Todos sabemos algo, pero no se puede decir lo que sabemos. Ella tiene que sentir que es igual a nosotros. Ya lo dijo Papá: la tenemos que tratar igual que a todos, todos los chicos somos iguales. Así que no hablamos de lo que le pasa a ella. Tampoco estoy muy seguro de qué es lo que le pasa. Lo único importante es que la tenemos que tratar igual que a los demás, pero con un poco más de cuidado. Hay que cuidarse porque si se enoja, tal vez también se enoje Papá, porque ella tiene problemas, y él se enoja más porque no puede reconocerlo.

Ella es la zona esponjosa que siento acá adentro.

Por todo eso, lo que veo es un sacudón, un espeluzne. El viento frío, las palmeras y su ruido, la llovizna de invierno, esa que no necesita nubes para caer. Y ella, por el camino de tierra, con un pollito en sus manos. Otro pollito.

Porque ella quiere lo que tenemos los demás. Ella quiere una vida normal, y en la vida normal te regalan pollitos. El pollito se debe estar muriendo de frío, no está en una caja, pero ella quiere tener la vida normal, entonces lo tiene en sus manos. Tiembla de frío ella, y tiemblo yo.

Alguien sacó mi zona esponjosa ahí afuera, a la intemperie, al viento, y ahora mi zona esponjosa está a la vista de todos. Me da mucha vergüenza: ni yo quería ver esa zona. Quiero que esté guardada, bien adentro, que nadie la vea. Y mucho menos quiero verla yo.

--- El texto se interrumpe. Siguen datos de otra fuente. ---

lemma envelope_norm_scale_le:
  assumes "x \<in> E"
  shows "envelope_norm E N (\<lambda>k. a * x k) \<le> norm a * envelope_norm E N x"
proof (cases "a = 0")
  case True
  then show ?thesis
    using envelope_norm_zero by (simp add: zero_fun_def)
next
  case False
  have "envelope_norm E N (\<lambda>k. a * x k) / norm a \<le> envelope_norm E N x"
  proof (rule envelope_norm_greatest[OF assms])
    fix t assume "t \<in> decomposition_costs E N x"
    then have "envelope_norm E N (\<lambda>k. a * x k) \<le> norm a * t"
      by (intro envelope_norm_le decomposition_costs_scale)
    then show "envelope_norm E N (\<lambda>k. a * x k) / norm a \<le> t"
      using False by (simp add: divide_le_eq mult.commute)
  qed
  then show ?thesis
    using False by (simp add: divide_le_eq mult.commute)
qed

lemma envelope_norm_scale:
  assumes "x \<in> E"
  shows "envelope_norm E N (\<lambda>k. a * x k) = norm a * envelope_norm E N x"
proof (cases "a = 0")
  case True
  then show ?thesis
    using envelope_norm_zero by (simp add: zero_fun_def)
next
  case False
  have "envelope_norm E N x = envelope_norm E N (\<lambda>k. inverse a * (a * x k))"
    using False by (simp flip: mult.assoc)
  also have "\<dots> \<le> norm (inverse a) * envelope_norm E N (\<lambda>k. a * x k)"
    using assms by (intro envelope_norm_scale_le scale_mem)
  finally have "norm a * envelope_norm E N x
      \<le> norm a * (norm (inverse a) * envelope_norm E N (\<lambda>k. a * x k))"
    by (simp add: mult_left_mono)
  also have "\<dots> = envelope_norm E N (\<lambda>k. a * x k)"
    using False by (simp add: norm_inverse)
  finally show ?thesis
    using envelope_norm_scale_le[OF assms, of a] by simp
qed

lemma envelope_norm_triangle:
  assumes "x \<in> E" and "y \<in> E"
  shows "envelope_norm E N (x + y) \<le> envelope_norm E N x + envelope_norm E N y"
proof -
  have bound: "envelope_norm E N (x + y) - t' \<le> envelope_norm E N x"
    if "t' \<in> decomposition_costs E N y" for t'
  proof (rule envelope_norm_greatest[OF assms(1)])
    fix t assume "t \<in> decomposition_costs E N x"
    from envelope_norm_le[OF decomposition_costs_add[OF this that]]
    show "envelope_norm E N (x + y) - t' \<le> t"
      by simp
  qed
  have "envelope_norm E N (x + y) - envelope_norm E N x \<le> envelope_norm E N y"
  proof (rule envelope_norm_greatest[OF assms(2)])
    fix t' assume "t' \<in> decomposition_costs E N y"
    from bound[OF this] show "envelope_norm E N (x + y) - envelope_norm E N x \<le> t'"
      by simp
  qed
  then show ?thesis
    by simp
qed

lemma dual_functional_sum:
  assumes "dual_functional E N \<phi>" and "\<forall>i<(n::nat). xs i \<in> E"
  shows "\<phi> (\<Sum>i<n. xs i) = (\<Sum>i<n. \<phi> (xs i))"
proof -
  have add: "\<And>x y. x \<in> E \<Longrightarrow> y \<in> E \<Longrightarrow> \<phi> (x + y) = \<phi> x + \<phi> y"
    using assms(1) unfolding dual_functional_def by blast
  have "\<phi> 0 = 0"
    using add[OF zero_mem zero_mem] by simp
  with assms(2) show ?thesis
    by (induction n) (auto simp: add sum_mem)
qed

lemma envelope_norm_pos:
  assumes "dual_separates E N" and "x \<in> E" and "x \<noteq> 0"
  shows "0 < envelope_norm E N x"
proof -
  obtain \<phi> where \<phi>: "dual_functional E N \<phi>" "\<phi> x \<noteq> 0"
    using assms unfolding dual_separates_def by blast
  obtain C where C: "\<forall>y\<in>E. norm (\<phi> y) \<le> C * N y"
    using \<phi>(1) unfolding dual_functional_def by blast
  have "0 < C"
  proof (rule ccontr)
    assume "\<not> 0 < C"
    then have "C * N x \<le> 0"
      using N_nonneg[OF assms(2)] by (simp add: mult_nonpos_nonneg)
    then show False
      using C assms(2) \<phi>(2) by (metis norm_le_zero_iff order_trans)
  qed
  have "norm (\<phi> x) / C \<le> envelope_norm E N x"
  proof (rule envelope_norm_greatest[OF assms(2)])
    fix t assume "t \<in> decomposition_costs E N x"
    then obtain n :: nat and xs where x: "\<forall>i<n. xs i \<in> E" "x = (\<Sum>i<n. xs i)" "t = (\<Sum>i<n. N (xs i))"
      unfolding decomposition_costs_def by blast
    have "norm (\<phi> x) = norm (\<Sum>i<n. \<phi> (xs i))"
      using dual_functional_sum[OF \<phi>(1) x(1)] x(2) by simp
    also have "\<dots> \<le> (\<Sum>i<n. norm (\<phi> (xs i)))"
      by (rule norm_sum)
    also have "\<dots> \<le> (\<Sum>i<n. C * N (xs i))"
      using C x(1) by (intro sum_mono) auto
    also have "\<dots> = C * t"
      using x(3) by (simp add: sum_distrib_left)
    finally show "norm (\<phi> x) / C \<le> t"
      using \<open>0 < C\<close> by (simp add: divide_le_eq mult.commute)
  qed
  moreover have "0 < norm (\<phi> x) / C"
    using \<phi>(2) \<open>0 < C\<close> by simp
  ultimately show ?thesis
    by linarith
qed

lemma envelope_norm_is_norm:
  assumes "dual_separates E N"
  shows "is_norm_on E (envelope_norm E N)"
  using quasinorm envelope_norm_pos[OF assms] envelope_norm_scale envelope_norm_triangle
  unfolding is_norm_on_def is_quasinorm_def by simp

lemma envelope_norm_symmetric:
  assumes sym: "is_symmetric E N" and c0: "\<forall>f\<in>E. f \<longlonglongrightarrow> 0"
  shows "is_symmetric E (envelope_norm E N)"
  unfolding is_symmetric_def
proof (intro allI impI, elim conjE)
  fix f g assume g: "g \<in> E" and \<mu>: "\<forall>n. decr_rearr f n \<le> decr_rearr g n"
  have sym_N: "\<And>f g. g \<in> E \<Longrightarrow> \<forall>n. decr_rearr f n \<le> decr_rearr g n \<Longrightarrow> f \<in> E \<and> N f \<le> N g"
    using sym unfolding is_symmetric_def by blast
  have f: "f \<in> E"
    using sym_N[OF g \<mu>] by blast
  obtain \<pi> where \<pi>: "inj_on \<pi> {k. f k \<noteq> 0}" "\<forall>k. f k \<noteq> 0 \<longrightarrow> norm (f k) \<le> norm (g (\<pi> k))"
    using dominating_injection_exists c0 f g \<mu> by blast
  have "envelope_norm E N f \<le> envelope_norm E N g"
  proof (rule envelope_norm_greatest[OF g])
    fix t assume "t \<in> decomposition_costs E N g"
    then obtain n :: nat and gs where gs: "n \<ge> 1" "\<forall>i<n. gs i \<in> E" "g = (\<Sum>i<n. gs i)" "t = (\<Sum>i<n. N (gs i))"
      unfolding decomposition_costs_def by blast
    let ?fs = "\<lambda>i. pullback f g \<pi> (gs i)"
    have fs: "?fs i \<in> E \<and> N (?fs i) \<le> N (gs i)" if "i < n" for i
      using that gs(2) decr_rearr_pullback_le[OF \<pi>] by (intro sym_N) auto
    have "f = (\<Sum>i<n. ?fs i)"
      using \<pi>(2) gs(3) by (intro sum_pullback) fastforce+
    with fs gs(1) have "envelope_norm E N f \<le> (\<Sum>i<n. N (?fs i))"
      by (intro envelope_norm_le decomposition_costsI) auto
    also have "\<dots> \<le> t"
      using fs gs(4) by (auto intro!: sum_mono)
    finally show "envelope_norm E N f \<le> t" .
  qed
  with f show "f \<in> E \<and> envelope_norm E N f \<le> envelope_norm E N g"
    by blast
qed

end

theorem mainTheorem2:
  fixes E :: "(nat \<Rightarrow> complex) set" and N :: "(nat \<Rightarrow> complex) \<Rightarrow> real"
  assumes "is_quasinorm E N"
    and "is_symmetric E N"
    and "\<forall>f\<in>E. f \<longlonglongrightarrow> 0"
    and "dual_separates E N"
  shows "is_norm_on E (envelope_norm E N) \<and> is_symmetric E (envelope_norm E N)"
proof -
  interpret quasinormed_sequence_space E N
    using assms(1) by unfold_locales
  show ?thesis
    using envelope_norm_is_norm[OF assms(4)] envelope_norm_symmetric[OF assms(2,3)] by blast
qed

end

Y Mauro no se calla. Dice que está loca, que se le va a morir. Que el pollito no tiene la culpa de que ella siempre nos quiera imitar. Quiero que se calle. Pero no se lo puedo pedir, mirá si se da cuenta de lo que me pasa. Que Mauro se calle, ya. Que desaparezca, o que se quede ciego y no vea esto, que es mi zona esponjosa, temblando de frío.

Mamá nos reta, nos dice que le digamos a ella que ponga su pollito en la misma caja que el mío. ¿Eulalia no le dio caja? ¿La tiró? No lo sé, prefiero ni hablar, ni mucho menos saber. Casi nunca quiero saber sobre las cosas que le pasan a ella. Lo que vi ya es suficientemente tremendo como para encima ahora tener que escuchar algo que no quiero.

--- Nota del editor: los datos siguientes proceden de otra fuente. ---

lemma disc_square_hray_subset_hannulus:
  assumes t: "real k \<le> t" "t \<le> real k + 1"
  shows "disc_square (hray \<theta> t) \<subseteq> hannulus k"
proof
  fix w assume w: "w \<in> disc_square (hray \<theta> t)"
  have t0: "t \<ge> 0" using t by simp
  define s where "s = tanh (t / 2)"
  have "cmod w \<le> s + (1 - s) / 4" "s - (1 - s) / 4 \<le> cmod w"
    using norm_bounds_csquare[OF w] norm_hray[OF t0] by (simp_all add: s_def field_simps)
  then have "cmod w < tanh ((t + 1) / 2)" "tanh ((t - 1) / 2) \<le> cmod w"
    using tanh_half_succ_gt[OF t0] tanh_half_pred_le[OF t0] by (simp_all add: s_def)
  moreover have "tanh ((t + 1) / 2) \<le> tanh ((real k + 2) / 2)"
    and "tanh ((real k - 1) / 2) \<le> tanh ((t - 1) / 2)" using t by simp_all
  ultimately show "w \<in> hannulus k" unfolding hannulus_def mem_Collect_eq by linarith
qed

lemma sum_indicator_hannulus_le:
  "(\<Sum>k<n. indicator (hannulus k) w) \<le> (3::real) * indicator (hball0 (real n + 1)) w"
proof -
  define K where "K = {..<n} \<inter> {k. w \<in> hannulus k}"
  have sum: "(\<Sum>k<n. indicator (hannulus k) w) = real (card K)"
    by (simp add: K_def indicator_def sum.If_cases)
  show ?thesis
  proof (cases "K = {}")
    case False
    define m where "m = Min K"
    have fin: "finite K" by (simp add: K_def)
    have m: "m \<in> K" using Min_in[OF fin False] by (simp add: m_def)
    have "K \<subseteq> {m..m+2}"
    proof
      fix k assume k: "k \<in> K"
      have "tanh ((real k - 1) / 2) \<le> cmod w" "cmod w < tanh ((real m + 2) / 2)"
        using k m by (simp_all add: K_def hannulus_def)
      then have "tanh ((real k - 1) / 2) < tanh ((real m + 2) / 2)" by linarith
      then have "k \<le> m + 2" by simp
      moreover have "m \<le> k" using Min_le[OF fin k] by (simp add: m_def)
      ultimately show "k \<in> {m..m+2}" by simp
    qed
    then have "card K \<le> 3" using card_mono[of "{m..m+2}" K] by simp
    moreover have "w \<in> hball0 (real n + 1)"
      using m hannulus_subset_hball0[of m] hball0_mono[of "real m + 2" "real n + 1"]
      by (auto simp: K_def)
    ultimately show ?thesis by (simp add: sum)
  qed (simp add: sum)
qed

section \<open>Length of the ray under an area-controlled density\<close>

text \<open>\<open>\<Psi>\<close> is the area density (\<open>|f'|\<^sup>2\<close> or \<open>|f'|\<^sup>2 \<lambda>\<^sub>H(f)\<^sup>2\<close>) and \<open>\<nu>\<close> the integrand
  along the ray.\<close>

locale ray_length_estimate =
  fixes \<Psi> \<nu> :: "complex \<Rightarrow> real" and \<alpha> C :: real
  assumes alpha_gt_1: "\<alpha> > 1" and C_nonneg: "C \<ge> 0"
    and Psi_nonneg: "\<And>z. 0 \<le> \<Psi> z"
    and continuous_Psi: "continuous_on (ball 0 1) \<Psi>"
    and continuous_nu: "continuous_on (ball 0 1) \<nu>"
    and nu_nonneg: "\<And>z. cmod z < 1 \<Longrightarrow> 0 \<le> \<nu> z"
    and nu_sq_le: "\<And>z. cmod z < 1 \<Longrightarrow> ennreal ((\<nu> z)^2)
         \<le> ennreal C * (\<integral>\<^sup>+ w. ennreal (\<Psi> w) * indicator (disc_square z) w \<partial>lborel)"
    and weighted_area_finite: "(\<integral>\<^sup>+ t. (\<integral>\<^sup>+ z. ennreal (\<Psi> z) * indicator (hball0 t) z \<partial>lborel)
                 * ennreal (t powr (-\<alpha>)) * indicator {1..} t \<partial>lborel) < \<infinity>"
begin

definition A :: "real \<Rightarrow> ennreal" where
  "A t = (\<integral>\<^sup>+ z. ennreal (\<Psi> z) * indicator (hball0 t) z \<partial>lborel)"

definition tail :: "real \<Rightarrow> ennreal" where
  "tail \<tau> = (\<integral>\<^sup>+ t. A t * ennreal (t powr (-\<alpha>)) * indicator {1..} t * indicator {\<tau>..} t \<partial>lborel)"

lemma Psi_indicator_measurable:
  assumes "S \<subseteq> ball 0 1" and "S \<in> sets borel"
  shows "(\<lambda>z. ennreal (\<Psi> z) * indicator S z) \<in> borel_measurable borel"
  using borel_measurable_norm_indicator[OF continuous_on_subset[OF continuous_Psi assms(1)] assms(2)]
  by (simp add: abs_of_nonneg Psi_nonneg)

lemma A_mono: "s \<le> t \<Longrightarrow> A s \<le> A t"
  unfolding A_def using hball0_mono[of s t]
  by (intro nn_integral_mono mult_left_mono) (auto simp: indicator_def)

lemma tail_antimono: "\<tau>1 \<le> \<tau>2 \<Longrightarrow> tail \<tau>2 \<le> tail \<tau>1"
  unfolding tail_def by (intro nn_integral_mono mult_left_mono) (auto simp: indicator_def)

lemma tail_finite: "tail \<tau> < \<infinity>"
proof -
  have "tail \<tau> \<le> (\<integral>\<^sup>+ t. A t * ennreal (t powr (-\<alpha>)) * indicator {1..} t \<partial>lborel)"
    unfolding tail_def by (intro nn_integral_mono) (auto simp: indicator_def)
  then show ?thesis using weighted_area_finite by (simp add: A_def[abs_def])
qed

lemma A_le_tail:
  assumes \<tau>: "\<tau> \<ge> 1"
  shows "A \<tau> * ennreal (\<tau> * (2 * \<tau>) powr (-\<alpha>)) \<le> tail \<tau>"
proof -
  have "(\<integral>\<^sup>+ t. (A \<tau> * ennreal ((2 * \<tau>) powr (-\<alpha>))) * indicator {\<tau>..2*\<tau>} t \<partial>lborel)
          = A \<tau> * ennreal ((2 * \<tau>) powr (-\<alpha>)) * ennreal \<tau>"
    using \<tau> by (simp add: nn_integral_cmult_indicator)
  then have "A \<tau> * ennreal (\<tau> * (2 * \<tau>) powr (-\<alpha>))
          = (\<integral>\<^sup>+ t. (A \<tau> * ennreal ((2 * \<tau>) powr (-\<alpha>))) * indicator {\<tau>..2*\<tau>} t \<partial>lborel)"
    using \<tau> by (simp add: ennreal_mult mult_ac)
  also have "\<dots> \<le> tail \<tau>"
    unfolding tail_def
  proof (intro nn_integral_mono)
    fix t :: real
    show "A \<tau> * ennreal ((2 * \<tau>) powr - \<alpha>) * indicator {\<tau>..2 * \<tau>} t
            \<le> A t * ennreal (t powr - \<alpha>) * indicator {1..} t * indicator {\<tau>..} t"
    proof (cases "t \<in> {\<tau>..2*\<tau>}")
      case True
      then have "(2 * \<tau>) powr (-\<alpha>) \<le> t powr (-\<alpha>)"
        using \<tau> alpha_gt_1 by (intro powr_mono2') auto
      then have "A \<tau> * ennreal ((2 * \<tau>) powr - \<alpha>) \<le> A t * ennreal (t powr (-\<alpha>))"
        using True by (intro mult_mono A_mono ennreal_leI) auto
      then show ?thesis using True \<tau> by simp
    qed simp
  qed
  finally show ?thesis .
qed

lemma A_finite: "A \<tau> < \<infinity>"
proof -
  define \<sigma> where "\<sigma> = max 1 \<tau>"
  have "\<sigma> \<ge> 1" by (simp add: \<sigma>_def)
  then have "A \<sigma> * ennreal (\<sigma> * (2 * \<sigma>) powr (-\<alpha>)) < \<infinity>"
    by (rule le_less_trans[OF A_le_tail tail_finite])
  moreover have "\<sigma> * (2 * \<sigma>) powr (-\<alpha>) > 0" using \<open>\<sigma> \<ge> 1\<close> by simp
  ultimately have "A \<sigma> < \<infinity>" by (auto simp: ennreal_mult_less_top)
  moreover have "A \<tau> \<le> A \<sigma>" by (rule A_mono) (simp add: \<sigma>_def)
  ultimately show ?thesis by (rule le_less_trans[rotated])
qed

definition A_real :: "real \<Rightarrow> real" where "A_real t = enn2real (A t)"
definition tail_real :: "real \<Rightarrow> real" where "tail_real t = enn2real (tail t)"

lemma A_eq_A_real: "A t = ennreal (A_real t)"
  using A_finite[of t] by (simp add: A_real_def ennreal_enn2real_if)

lemma tail_eq_tail_real: "tail t = ennreal (tail_real t)"
  using tail_finite[of t] by (simp add: tail_real_def ennreal_enn2real_if)

lemma A_real_nonneg: "A_real t \<ge> 0" by (simp add: A_real_def)
lemma tail_real_nonneg: "tail_real t \<ge> 0" by (simp add: tail_real_def)

lemma A_real_mono: "s \<le> t \<Longrightarrow> A_real s \<le> A_real t"
  using A_mono[of s t] by (simp add: A_eq_A_real A_real_nonneg)

lemma tail_real_antimono: "\<tau>1 \<le> \<tau>2 \<Longrightarrow> tail_real \<tau>2 \<le> tail_real \<tau>1"
  using tail_antimono[of \<tau>1 \<tau>2] by (simp add: tail_eq_tail_real tail_real_nonneg)

lemma A_measurable [measurable]: "A \<in> borel_measurable borel"
proof -
  have "A_real \<in> borel_measurable borel"
    by (rule borel_measurable_mono) (simp add: mono_def A_real_mono)
  then show ?thesis unfolding A_eq_A_real[abs_def] by measurable
qed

Cae la noche, se calma el viento, dejamos los pollitos en la caja, con agua y maíz.

Me levanto congelado pero no quiero desayunar, quiero ir a ver los pollitos. Pero Mamá no me deja salir de la casa sin antes tomar el Nesquik caliente, sin que coma algo. Me apuro, me quemo con el Nesquik, quiero terminar rápido. Y entonces sí, salgo corriendo, antes que ella se levante, a ver la cajita. Abro la puerta, y apenas reparo en el manto blanco que cubre el campo y el sol oblicuo, que no calienta nada, que se refleja con holgazanería en el techo improvisado de cartón. Abro el techo.

Y ahí están. Los dos muertos. De frío, de sed, de hambre, de una enfermedad previa, o no sé de qué. Pero muertos. Dos peluches amarillos, sin ningún calor. Sin ninguna gracia. Sin ningún sonido.

No hay juguete que se me haya roto que me haya dolido más. Era su guardián, y se me murieron. No los pude cuidar, y no la pude cuidar a ella. Se me agranda la zona blanda, se expande, me abarca por completo. Pero no lloro.

No quiero verla a ella. No quiero verlo ni mucho menos hablar con Mauro. Me voy al campo; me pongo las botas y salgo, lejos. Lo más lejos que se pueda. No quiero ver su cara cuando sepa. Ni quiero, por nada en el mundo, escuchar a Mauro. Sé que la va a culpar a ella, y eso sí que no lo puedo aguantar. Mejor me voy, y vuelvo cuando el sol traiga un poco de calor. Me voy, camino a la luz, fuera del cerco de árboles que rodea la casa, al pastizal. El pastizal cruje ante mis pisadas: fue fuerte la helada. De a ratos, piso mucho pasto, más del necesario. Zapateo. Quiero que el pasto cruja bajo mis pies, quiero que se rompa algo, quiero tener poder sobre ese pasto, y quebrarlo, romperlo bien roto. Odio el pasto.

El sol sigue oblicuo, alumbrando con pereza, negándose a ablandar las durezas del pastizal. Y el viento, finalmente, me vence: debo volver.

Algo me persigue. Es una visión que me va a acompañar toda mi vida. Es ella, por el camino de tierra, con ese pollito en la mano.

Llego a la casa mientras ella desayuna. Me siento a la mesa. Decido que voy a volver a desayunar. Le pido que me pase el Nesquik. Hoy no hará calor en ningún momento.

Marcos Fontela nació en 1973. A pesar de que su escritura y su DNI sugieran que es de Castelli, Provincia de Buenos Aires, vive en la Capital Federal. Es economista y padre de dos hijos. Actualmente se dedica al desarrollo de cursos virtuales en varios idiomas.